Obviously Frank Greening does not think so...
Frank, what do you think? Is 'rigid body' a simplifying assumption, or is it dictated by the mechanics (exclude B&L for a moment, just your research)?
...and indeed Bazant & Le thoroughly remove that possiblity in the idealized, analytic case being considered just now.
They only prove their result for the case of homogeneous mass distribution and axial impact, which bears little resemblance to the actual situation. One can suppose it extends to the real situation, or that tilt somehow corrects it back to the valid domain of these assumptions, but that's all this is - supposition.

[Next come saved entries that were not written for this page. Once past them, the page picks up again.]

lemma foldr_act_H:
  assumes "1 < t" "h \<in> nf.H"
  shows "\<forall>w\<in>h. \<forall>xs c. valid t (xs, c) \<longrightarrow> (\<exists>j. foldr (act t) w (xs, c) = ((lmult_d t ^^ j) xs, c))"
  using assms(2)
proof (induction rule: generate.induct)
  case one
  have generator: "\<one>\<^bsub>G1\<^esub> \<in> {gx [^]\<^bsub>G1\<^esub> (int P * 0), gd [^]\<^bsub>G1\<^esub> (0::int)}"
    by simp
  then show ?case
    using foldr_act_H_generator[OF assms(1) generator] by blast
next
  case (incl h)
  then have generator: "h \<in> {gx [^]\<^bsub>G1\<^esub> (int P * 1), gd [^]\<^bsub>G1\<^esub> (1::int)}"
    using group.int_pow_1[OF group_presented_group nf.d_closed] by (auto simp: int_pow_int)
  then show ?case
    using foldr_act_H_generator[OF assms(1) generator] by blast
next
  case (inv h)
  then have generator: "inv\<^bsub>G1\<^esub> h \<in> {gx [^]\<^bsub>G1\<^esub> (int P * -1), gd [^]\<^bsub>G1\<^esub> (-1::int)}"
    using group.int_pow_neg[OF group_presented_group nf.a_closed, of "int P"]
      group.int_pow_neg[OF group_presented_group nf.d_closed, of 1]
      group.int_pow_1[OF group_presented_group nf.d_closed]
    by (auto simp: int_pow_int)
  then show ?case
    using foldr_act_H_generator[OF assms(1) generator] by blast
next
  case (eng h1 h2)
  show ?case
  proof (intro ballI allI impI)
    fix w xs c
    assume "w \<in> h1 \<otimes>\<^bsub>G1\<^esub> h2" "valid t (xs, c)"
    obtain w1 w2 where w12: "h1 = word_class {comm_rel m n} w1" "h2 = word_class {comm_rel m n} w2"
      using H_word_class eng.hyps by metis
    then obtain j2 where j2: "foldr (act t) w2 (xs, c) = ((lmult_d t ^^ j2) xs, c)"
      using eng.IH(2) \<open>valid t (xs, c)\<close> mem_word_class_self by blast
    have "valid t ((lmult_d t ^^ j2) xs, c)"
      using \<open>valid t (xs, c)\<close> lmult_d_pow_normal[OF assms(1)] by (simp add: valid_state_def)
    then obtain j1 where j1:
      "foldr (act t) w1 ((lmult_d t ^^ j2) xs, c) = ((lmult_d t ^^ j1) ((lmult_d t ^^ j2) xs), c)"
      using eng.IH(1) w12 mem_word_class_self by blast
    have "foldr (act t) w (xs, c) = foldr (act t) w1 (foldr (act t) w2 (xs, c))"
      using \<open>w \<in> h1 \<otimes>\<^bsub>G1\<^esub> h2\<close> w12 foldr_act_word_class[OF assms(1)] \<open>valid t (xs, c)\<close>
      by (simp add: mult_word_class)
    also have "\<dots> = ((lmult_d t ^^ (j1 + j2)) xs, c)"
      using j1 j2 by (simp add: funpow_add)
    finally show "\<exists>j. foldr (act t) w (xs, c) = ((lmult_d t ^^ j) xs, c)" ..
  qed
qed
lemma det_add_rank2:
  fixes M :: "'a :: field mat"
  assumes M: "M \<in> carrier_mat n n" "det M \<noteq> 0" "transpose_mat M = M"
  defines "N \<equiv> (1 / det M) \<cdot>\<^sub>m adj_mat M"
  shows "det (M + mat n n (\<lambda>(i, j). a i * a j + b i * b j))
       = det M * ((1 + bilin_form N a a) * (1 + bilin_form N b b) - (bilin_form N a b)\<^sup>2)"
proof -
  note N = adj_mat_inverse_symmetric[OF M, folded N_def]
  define X where "X = mat n 2 (\<lambda>(i, c). if c = 0 then a i else b i)"
  define Y where "Y = mat 2 n (\<lambda>(c, j). if c = 0 then a j else b j)"
  have X: "X \<in> carrier_mat n 2" and Y: "Y \<in> carrier_mat 2 n" unfolding X_def Y_def by auto
  have XY: "X * Y = mat n n (\<lambda>(i, j). a i * a j + b i * b j)"
    unfolding X_def Y_def by (intro eq_matI) (auto simp: scalar_prod_def numeral_2_eq_2 lessThan_Suc)
  have entries: "(Y * (N * X)) $$ (c, e) = bilin_form N (\<lambda>j. Y $$ (c, j)) (\<lambda>i. X $$ (i, e))"
    if "c < 2" "e < 2" for c e
    using that N(1) X Y
    by (simp add: scalar_prod_def atLeast0LessThan bilin_form_def sum_distrib_left mult.assoc)
  have rows: "bilin_form N (\<lambda>j. Y $$ (0, j)) = bilin_form N a"
    "bilin_form N (\<lambda>j. Y $$ (1, j)) = bilin_form N b"
    unfolding bilin_form_def Y_def using N(1) by (auto intro!: ext sum.cong)
  have cols: "bilin_form N x (\<lambda>i. X $$ (i, 0)) = bilin_form N x a"
    "bilin_form N x (\<lambda>i. X $$ (i, 1)) = bilin_form N x b" for x
    unfolding bilin_form_def X_def using N(1) by (auto intro!: sum.cong)
  have Z: "Y * (N * X) \<in> carrier_mat 2 2" using Y N(1) X by auto
  have "(1\<^sub>m 2 + Y * (N * X)) $$ (i, j) = (if i = j then 1 else 0) + (Y * (N * X)) $$ (i, j)"
    if "i < 2" "j < 2" for i j
    using carrier_matD[OF Z] that by (simp add: index_add_mat)
  then have "det (1\<^sub>m 2 + Y * (N * X))
      = (1 + bilin_form N a a) * (1 + bilin_form N b b) - bilin_form N a b * bilin_form N b a"
    using det_2x2[of "1\<^sub>m 2 + Y * (N * X)"] Z entries rows cols by simp
  then show ?thesis
    unfolding XY[symmetric] det_add_mult_low_rank[OF M(1) N(1,2) X Y]
      bilin_form_commute[OF N(1,3), of b a] by (simp add: power2_eq_square)
qed

section \<open>Effective resistance\<close>

lemma laplacian_add_edge:
  assumes "finite E"
  shows "laplacian (add_edge E) (add_edge_ends ends x y) u v = laplacian E ends u v
    + ((if u = x then 1 else 0) - (if u = y then 1 else 0)) * ((if v = x then 1 else 0) - (if v = y then 1 else 0))"
proof -
  have "incident_edges (add_edge E) (add_edge_ends ends x y) u
      = Some ` incident_edges E ends u \<union> (if x \<noteq> y \<and> (x = u \<or> y = u) then {None} else {})"
    "edges_between (add_edge E) (add_edge_ends ends x y) u v
      = Some ` edges_between E ends u v \<union> (if (x, y) = (u, v) \<or> (x, y) = (v, u) then {None} else {})"
    unfolding incident_edges_def edges_between_def add_edge_def add_edge_ends_def by auto
  moreover have "finite (incident_edges E ends u)" "finite (edges_between E ends u v)"
    using assms unfolding incident_edges_def edges_between_def by auto
  ultimately have "card (incident_edges (add_edge E) (add_edge_ends ends x y) u)
      = card (incident_edges E ends u) + (if x \<noteq> y \<and> (x = u \<or> y = u) then 1 else 0)"
    "card (edges_between (add_edge E) (add_edge_ends ends x y) u v)
      = card (edges_between E ends u v) + (if (x, y) = (u, v) \<or> (x, y) = (v, u) then 1 else 0)"
    by (simp_all add: card_Un_disjoint card_image)
  then show ?thesis unfolding laplacian_def by auto
qed

definition vertex_vec :: "'v list \<Rightarrow> 'v \<Rightarrow> nat \<Rightarrow> real" where
  "vertex_vec vs x i = (if vs ! i = x then 1 else 0)"

definition edge_vec :: "'v list \<Rightarrow> 'v \<Rightarrow> 'v \<Rightarrow> nat \<Rightarrow> real" where
  "edge_vec vs x y = (\<lambda>i. vertex_vec vs x i - vertex_vec vs y i)"

lemma laplacian_mat_add_edge:
  assumes "finite E"
  shows "laplacian_mat (add_edge E) (add_edge_ends ends x y) vs = laplacian_mat E ends vs
     + mat (length vs) (length vs) (\<lambda>(i, j). edge_vec vs x y i * edge_vec vs x y j)"
  by (intro eq_matI)
    (auto simp: laplacian_mat_def edge_vec_def vertex_vec_def laplacian_add_edge[OF assms])

lemma laplacian_mat_add_two_edges:
  assumes "finite E"
  shows "laplacian_mat (add_edge (add_edge E)) (add_edge_ends (add_edge_ends ends s t) p q) vs
     = laplacian_mat E ends vs + mat (length vs) (length vs)
         (\<lambda>(i, j). edge_vec vs s t i * edge_vec vs s t j + edge_vec vs p q i * edge_vec vs p q j)"
  unfolding laplacian_mat_add_edge[OF finite_add_edge[OF assms]] laplacian_mat_add_edge[OF assms]
  by (intro eq_matI) (auto simp: laplacian_mat_def)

How did the actual entanglement and subsequent punch-through dismember the upper block? What about any 1D analysis gives one confidence to proclaim the real eccentric impacts, possibly encompassing several floors, would act in any way similar to such analysis?
The whole point of both the exposition in B&V and Major_Tom's objections is rendered moot by the homogenization assumption;
The homogenization assumption is one of the things being scrutinized here. It is NOT representative of the tower's fine-grained structure. While I agree such detail should not be required for a global analysis, there is nothing I've seen that assures this is the case for early progression. In fact, what I have seen (barely above anectdotal at this point, but compelling all the same) indicates just the opposite. Initial conditions can have quite an influence, depending on how the system is modeled.
I don't expect you to buy into tinker-toy models, so let's talk about B&L. How much farther did the crush-up have to go before the plastic limit was exceeded (edit - removed text from here*)? We've got to be fair. Could the upper block drop a story on a (RIGID!) debris zone under one-third gravity and immediately arrest or even survive? You tell me. Looks like a pretty serious knife edge to me, regardless of the model. It seems that any significant asymmetry or uncertainty in parametric input has the potential to initiate a concurrent crush-up for at least a period. Tilt, non-uniform residual capacity, unknown damage... these things seem like major uncertainties.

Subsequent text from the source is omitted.